The company’s net profit stood at Rs 22.8 crore versus Rs 11.8 crore year-on-year (YoY) and its sales came in at Rs 314.7 crore.
Below is the verbatim transcript of R K Goyal’s interview with CNBC-TV18\\'s Reema Tendulkar and Nigel D’Souza.
Ekta: A very strong earnings from you all. A revenue growth of 27 percent, your profits have jumped up 90 percent on year-on-year (Y-O-Y). Is the performance that we have seen in Q2 sustainable?
A: I am sure it will be sustainable but it is subject to the situation and pricing of coking coal and coke and iron ore. We definitely have advantage in terms of decreasing international prices of coke as well as iron ore however, we have very serious issues regarding the quality and the pricing of iron ore in India and in particular Karnataka. The way quality of iron ore is deteriorating, the way availability is going down it may have substantial impact on our earnings in future. Otherwise we are very well placed, we are much more competitive, we have done a lot of cost reduction in terms of our conversion cost, in terms of our finance cost and that has definitely helped us in strengthening our position and sustainability.
Nigel: You have repeatedly been telling us that the iron ore quality is not good and maybe availability is not good, but your margins just keep improving. Now you are at 13.1 percent that is the EBITDA margins I am talking about, can you do even better than this?
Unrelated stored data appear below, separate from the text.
(* Let $N\ge5$ be odd. Let $h=(h_\alpha,h_\beta,h_1,\dots,h_{N-1})$ and $h'=(h'_\alpha,h'_\beta,h'_1,\dots,h'_{N-1})$ be real parameter vectors with all entries nonzero, and let $S$ be a real nonsingular $(N+1)\times(N+1)$ matrix satisfying $$S\tilde A(h)=\tilde A(h')S,\qquad Se_1=e_1,\qquad e_2^TS=e_2^T,$$ where $\tilde A$ is defined in the context. Then for every $k$ with $3\le k\le N-1$, the first $k$ columns of $S$ are $e_1,\ e_2,\ \varepsilon_3e_3,\ \dots,\ \varepsilon_ke_k$ with $\varepsilon_j\in\{1,-1\}$, and moreover $h_\alpha=h'_\alpha$, $|h_\beta|=|h'_\beta|$ and $|h_j|=|h'_j|$ for all $1\le j\le k-2$.
   Context: For an integer $N\ge1$ and real parameters $h=(h_\alpha,h_\beta,h_1,\dots,h_{N-1})$, set $(c_1,c_2,c_3,\dots,c_{N+1})=(h_\alpha,h_\beta,h_1,\dots,h_{N-1})$ and let $A(h)$ be the real $(N+2)\times(N+2)$ tridiagonal matrix with $A_{j,j+1}=c_j$, $A_{j+1,j}=-c_j$ for $j=1,\dots,N+1$ and all other entries zero. For odd $N$ and all parameters nonzero, define the $(N+1)\times(N+1)$ matrix $\tilde A(h)$ as follows (with the conventions $h_{-1}:=h_\alpha$, $h_0:=h_\beta$): its first $N$ columns coincide with the first $N$ columns of the leading $(N+1)\times(N+1)$ principal submatrix of $A(h)$, i.e. $\tilde A_{jl}=A_{jl}$ for $1\le j\le N+1$, $1\le l\le N$; its last column has $\tilde A_{k,N+1}=0$ for even $k$ and, for odd $k=2i-1$ ($1\le i\le (N+1)/2$), $$\tilde A_{2i-1,N+1}=h_{N-1}^2\,\frac{\prod_{j=i}^{(N-1)/2}h_{2j-2}}{\prod_{j=i}^{(N+1)/2}h_{2j-3}}+\delta_{i,(N+1)/2}\,h_{N-2}.$$ (In particular $\tilde A_{N,N+1}=h_{N-2}+h_{N-1}^2/h_{N-2}$ and $\tilde A_{N+1,N+1}=0$.) This matrix is the system matrix of the minimal (observable) subsystem obtained from $(A,e_1,e_2^T)$ for odd $N$. $e_j$ denotes the $j$-th standard basis vector; empty products equal $1$. *)

theory Defs
  imports "Jordan_Normal_Form.Matrix" "Jordan_Normal_Form.Determinant"
begin

(* Parameter vector h = (h_alpha, h_beta, h_1, ..., h_{N-1}) is encoded as c :: nat => real
   with (c 1, c 2, c 3, ..., c (N+1)) = (h_alpha, h_beta, h_1, ..., h_{N-1}),
   i.e. h_m = c (m+2) for m >= -1 (h_{-1} = h_alpha, h_0 = h_beta).
   Matrices are Jordan_Normal_Form matrices with 0-based indices: paper entry (j,l) is
   entry (j-1,l-1) here. *)

definition Atilde :: "nat \<Rightarrow> (nat \<Rightarrow> real) \<Rightarrow> real mat" where
  "Atilde N c = mat (N+1) (N+1) (\<lambda>(r, s).
     let j = r + 1; l = s + 1 in
     if l \<le> N then
       (if l = j + 1 then c j else if j = l + 1 then - c l else 0)
     else
       (if even j then 0 else
          (let i = (j + 1) div 2 in
            (c (N+1))^2 * (\<Prod>q\<in>{i..(N-1) div 2}. c (2*q))
                        / (\<Prod>q\<in>{i..(N+1) div 2}. c (2*q - 1))
            + (if i = (N+1) div 2 then c N else 0))))"

end

theory Submission imports Defs begin

(* Away from its last column, A = Atilde N c is the skew tridiagonal
   matrix with superdiagonal c 1, ..., c N, and its last column is c (N+1)^2 z + c N e_(N-1) for a
   vector z with A z = -e_N. This makes z orthogonal to the first N-1 observability rows e_1^T A^m,
   so these rows only see the tridiagonal part: e_1^T A^m ends with the entry c 2 * ... * c (m+1)
   at position m+1.
   Read column by column, S A = A' S shows that if columns n-1 and n of S are eps e_(n-1) and
   eps e_n with signs eps, then column n+1 is eps (n+1) e_(n+1) with
   eps (n+1) c (n+1) = eps n c' (n+1). Comparing observability rows, e_1^T A^m = e_1^T A'^m S, gives
   the transposed relation eps n c (n+1) = eps (n+1) c' (n+1), and the two relations force
   eps (n+1) = +-1. *)

definition zvec :: "nat \<Rightarrow> (nat \<Rightarrow> real) \<Rightarrow> real vec" where
  "zvec N c = vec (N+1) (\<lambda>r. if even r
     then (\<Prod>q\<in>{(r+2) div 2..(N-1) div 2}. c (2*q)) / (\<Prod>q\<in>{(r+2) div 2..(N+1) div 2}. c (2*q - 1))
     else 0)"

lemma Atilde_carrier [simp]: "Atilde N c \<in> carrier_mat (N+1) (N+1)"
  unfolding Atilde_def by simp

lemma dim_Atilde [simp]: "dim_row (Atilde N c) = N+1" "dim_col (Atilde N c) = N+1"
  unfolding Atilde_def by simp_all

lemma dim_zvec [simp]: "dim_vec (zvec N c) = N+1"
  unfolding zvec_def by simp

lemma zvec_carrier: "zvec N c \<in> carrier_vec (N+1)"
  unfolding carrier_vec_def by simp

lemma Atilde_nth:
  assumes "r \<le> N" "s < N"
  shows "Atilde N c $$ (r,s) = (if s = r+1 then c (r+1) else if r = s+1 then - c (s+1) else 0)"
  using assms unfolding Atilde_def by (auto simp: Let_def)

lemma Atilde_nth_last:
  assumes "odd N" "r \<le> N"
  shows "Atilde N c $$ (r,N) = c (N+1)^2 * zvec N c $ r + (if r = N - 1 then c N else 0)"
proof (cases "even r")
  case True
  then have "(r + 2) div 2 = (N + 1) div 2 \<longleftrightarrow> r = N - 1" using assms by presburger
  then show ?thesis using assms True unfolding Atilde_def zvec_def by (auto simp: Let_def)
next
  case False
  then have "r \<noteq> N - 1" using assms by presburger
  then show ?thesis using assms False unfolding Atilde_def zvec_def by (auto simp: Let_def)
qed

lemma zvec_nth_odd: "odd r \<Longrightarrow> r \<le> N \<Longrightarrow> zvec N c $ r = 0"
  unfolding zvec_def by simp

lemma zvec_nth_last:
  assumes "odd N"
  shows "zvec N c $ (N-1) = 1 / c N"
proof -
  have "(N-1+2) div 2 = (N+1) div 2" "2 * ((N+1) div 2) - 1 = N" using assms by presburger+
  moreover have "{(N+1) div 2..(N-1) div 2} = {}" using assms by auto
  ultimately show ?thesis using assms unfolding zvec_def by simp
qed

lemma zvec_nth_step:
  assumes "odd N" "odd r" "r + 1 < N" "c r \<noteq> 0"
  shows "c r * zvec N c $ (r-1) = c (r+1) * zvec N c $ (r+1)"
proof -
  define i where "i = (r+1) div 2"
  define P where "P j = (\<Prod>q\<in>{j..(N-1) div 2}. c (2*q))" for j
  define Q where "Q j = (\<Prod>q\<in>{j..(N+1) div 2}. c (2*q - 1))" for j
  have i: "(r - 1 + 2) div 2 = i" "(r + 1 + 2) div 2 = Suc i" "2 * i = r + 1" "2 * i - 1 = r"
    and iN: "i \<le> (N-1) div 2" "i \<le> (N+1) div 2"
    using assms unfolding i_def by presburger+
  have "even (r-1)" "even (r+1)" "r - 1 < N + 1" "r + 1 < N + 1" using assms by presburger+
  then have z: "zvec N c $ (r-1) = P i / Q i" "zvec N c $ (r+1) = P (Suc i) / Q (Suc i)"
    unfolding zvec_def P_def Q_def by (simp_all only: index_vec i(1,2) if_True)
  have "P i = c (r+1) * P (Suc i)" "Q i = c r * Q (Suc i)"
    unfolding P_def Q_def using iN by (subst prod.atLeast_Suc_atMost; simp add: i)+
  then show ?thesis unfolding z using assms by simp
qed

lemma Atilde_mult_zvec:
  assumes "odd N" "\<forall>j\<in>{1..N+1}. c j \<noteq> 0"
  shows "Atilde N c *\<^sub>v zvec N c = - unit_vec (N+1) N"
proof (rule eq_vecI)
  fix r assume "r < dim_vec (- unit_vec (N+1) N)"
  then have r: "r \<le> N" by simp
  have "(Atilde N c *\<^sub>v zvec N c) $ r = (\<Sum>p<N+1. Atilde N c $$ (r,p) * zvec N c $ p)"
    using r by (simp add: scalar_prod_def atLeast0LessThan)
  also have "\<dots> = (\<Sum>p<N. Atilde N c $$ (r,p) * zvec N c $ p)"
    using assms(1) by (simp add: zvec_nth_odd)
  also have "\<dots> = (\<Sum>p<N. (if p = r + 1 then c (r+1) * zvec N c $ (r+1) else 0)
                        + (if p = r - 1 \<and> 1 \<le> r then - c r * zvec N c $ (r-1) else 0))"
    using r by (intro sum.cong) (auto simp: Atilde_nth)
  also have "\<dots> = (if r + 1 < N then c (r+1) * zvec N c $ (r+1) else 0)
                 - (if 1 \<le> r then c r * zvec N c $ (r-1) else 0)"
    using r by (cases "1 \<le> r") (auto simp: sum.distrib sum.delta)
  also have "\<dots> = (- unit_vec (N+1) N) $ r"
  proof (cases "r = N")
    case True
    then show ?thesis using assms zvec_nth_last[of N c] by (cases N) auto
  next
    case False
    show ?thesis
    proof (cases "even r")
      case True
      then show ?thesis using False r by (auto simp: zvec_nth_odd)
    next
      case odd: False
      then have rN: "r + 1 < N" "1 \<le> r" using False r assms(1) by presburger+
      then have "c r \<noteq> 0" using assms(2) by auto
      then show ?thesis using zvec_nth_step[of N r c] odd rN assms(1) by auto
    qed
  qed
  finally show "(Atilde N c *\<^sub>v zvec N c) $ r = (- unit_vec (N+1) N) $ r" .
qed simp

lemma transpose_Atilde_mult_vec_nth:
  assumes "w \<in> carrier_vec (N+1)" "s < N"
  shows "(transpose_mat (Atilde N c) *\<^sub>v w) $ s
           = (if s = 0 then 0 else c s * w $ (s-1)) - c (s+1) * w $ (s+1)"
proof -
  have "(transpose_mat (Atilde N c) *\<^sub>v w) $ s = (\<Sum>r<N+1. Atilde N c $$ (r,s) * w $ r)"
    using assms by (simp add: scalar_prod_def atLeast0LessThan)
  also have "\<dots> = (\<Sum>r<N+1. (if r = s - 1 \<and> s \<noteq> 0 then c s * w $ (s-1) else 0)
                             - (if r = s + 1 then c (s+1) * w $ (s+1) else 0))"
    using assms(2) by (intro sum.cong) (auto simp: Atilde_nth)
  also have "\<dots> = (if s = 0 then 0 else c s * w $ (s-1)) - c (s+1) * w $ (s+1)"
    using assms(2) by (auto simp: sum_subtractf sum.delta)
  finally show ?thesis .
qed

lemma transpose_Atilde_mult_vec_last:
  assumes "odd N" "w \<in> carrier_vec (N+1)"
  shows "(transpose_mat (Atilde N c) *\<^sub>v w) $ N = c (N+1)^2 * (w \<bullet> zvec N c) + c N * w $ (N-1)"
proof -
  have "(transpose_mat (Atilde N c) *\<^sub>v w) $ N = (\<Sum>r<N+1. Atilde N c $$ (r,N) * w $ r)"
    using assms by (simp add: scalar_prod_def atLeast0LessThan)
  also have "\<dots> = (\<Sum>r<N+1. c (N+1)^2 * (w $ r * zvec N c $ r) + (if r = N - 1 then c N * w $ (N-1) else 0))"
    using assms(1) by (intro sum.cong) (auto simp: Atilde_nth_last algebra_simps)
  also have "\<dots> = c (N+1)^2 * (w \<bullet> zvec N c) + c N * w $ (N-1)"
    using assms(2) by (simp add: sum.distrib scalar_prod_def atLeast0LessThan flip: sum_distrib_left)
  finally show ?thesis .
qed

lemma funpow_mult_mat_vec_carrier:
  assumes "A \<in> carrier_mat n n" "v \<in> carrier_vec n"
  shows "((*\<^sub>v) A ^^ m) v \<in> carrier_vec n"
  using assms by (induction m) auto

lemma funpow_mult_mat_vec_intertwine:
  assumes A: "A \<in> carrier_mat n n" and B: "B \<in> carrier_mat n n" and T: "T \<in> carrier_mat n n"
    and AT: "A * T = T * B" and v: "v \<in> carrier_vec n"
  shows "((*\<^sub>v) A ^^ m) (T *\<^sub>v v) = T *\<^sub>v ((*\<^sub>v) B ^^ m) v"
proof (induction m)
  case (Suc m)
  have Bv: "((*\<^sub>v) B ^^ m) v \<in> carrier_vec n" by (rule funpow_mult_mat_vec_carrier[OF B v])
  have "((*\<^sub>v) A ^^ Suc m) (T *\<^sub>v v) = (A * T) *\<^sub>v ((*\<^sub>v) B ^^ m) v"
    using Suc A T Bv by simp
  also have "\<dots> = T *\<^sub>v ((*\<^sub>v) B ^^ Suc m) v"
    using AT B T Bv by simp
  finally show ?case .
qed simp

definition obs_vec :: "nat \<Rightarrow> (nat \<Rightarrow> real) \<Rightarrow> nat \<Rightarrow> real vec" where
  "obs_vec N c m = ((*\<^sub>v) (transpose_mat (Atilde N c)) ^^ m) (unit_vec (N+1) 1)"

lemma obs_vec_0 [simp]: "obs_vec N c 0 = unit_vec (N+1) 1"
  unfolding obs_vec_def by simp

lemma obs_vec_Suc: "obs_vec N c (Suc m) = transpose_mat (Atilde N c) *\<^sub>v obs_vec N c m"
  unfolding obs_vec_def by simp

lemma obs_vec_carrier [simp]: "obs_vec N c m \<in> carrier_vec (N+1)"
  unfolding obs_vec_def by (rule funpow_mult_mat_vec_carrier) auto

lemma dim_obs_vec [simp]: "dim_vec (obs_vec N c m) = N+1"
  using obs_vec_carrier unfolding carrier_vec_def by blast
A: We have a very high emphasis on cost reduction and we are doing a lot of innovative things in our plant which has helped us in reducing our cost continuously and it is a continuous journey. We are trying to find out new and new ideas so that we are able to reduce our cost further and our efforts are continued in this direction.
Reema: So currently your margins are at 13 percent. By the end of FY15 what will be the exit rate on your margins?
A: As I mentioned one part is conversion cost which is internal which is controllable by us but other part is the raw material cost and quality. As we have very little control on the quality and availability of iron ore it is very difficult to commit that but we expect things to improve further.
Nigel: When was the last e-auction of iron ore? How much of quantity did you get and what prices did you but it at?
A: Now a days the landed price of iron ore in our plant is something around Rs 5,600 – Rs 5,700. We keep on buying continuously in almost every auction.
Nigel: So what is the inventory you are sitting on? How long will that last?
A: The inventory at any given point of time is one to one and half months which includes some in plant, some in transit, some which is yet to be lifted from the mines.
Reema: What aided the top line performance or the revenue performance this quarter? What were the key highlights of the quarter which enabled you all to post such a strong performance?
A: One basically is the reduction in cost, second is reduction in financial cost and the third part is do a provision for the depreciation basically because of the amendment in the company law which was subsequently announced as compared to what it was originally sometime in April.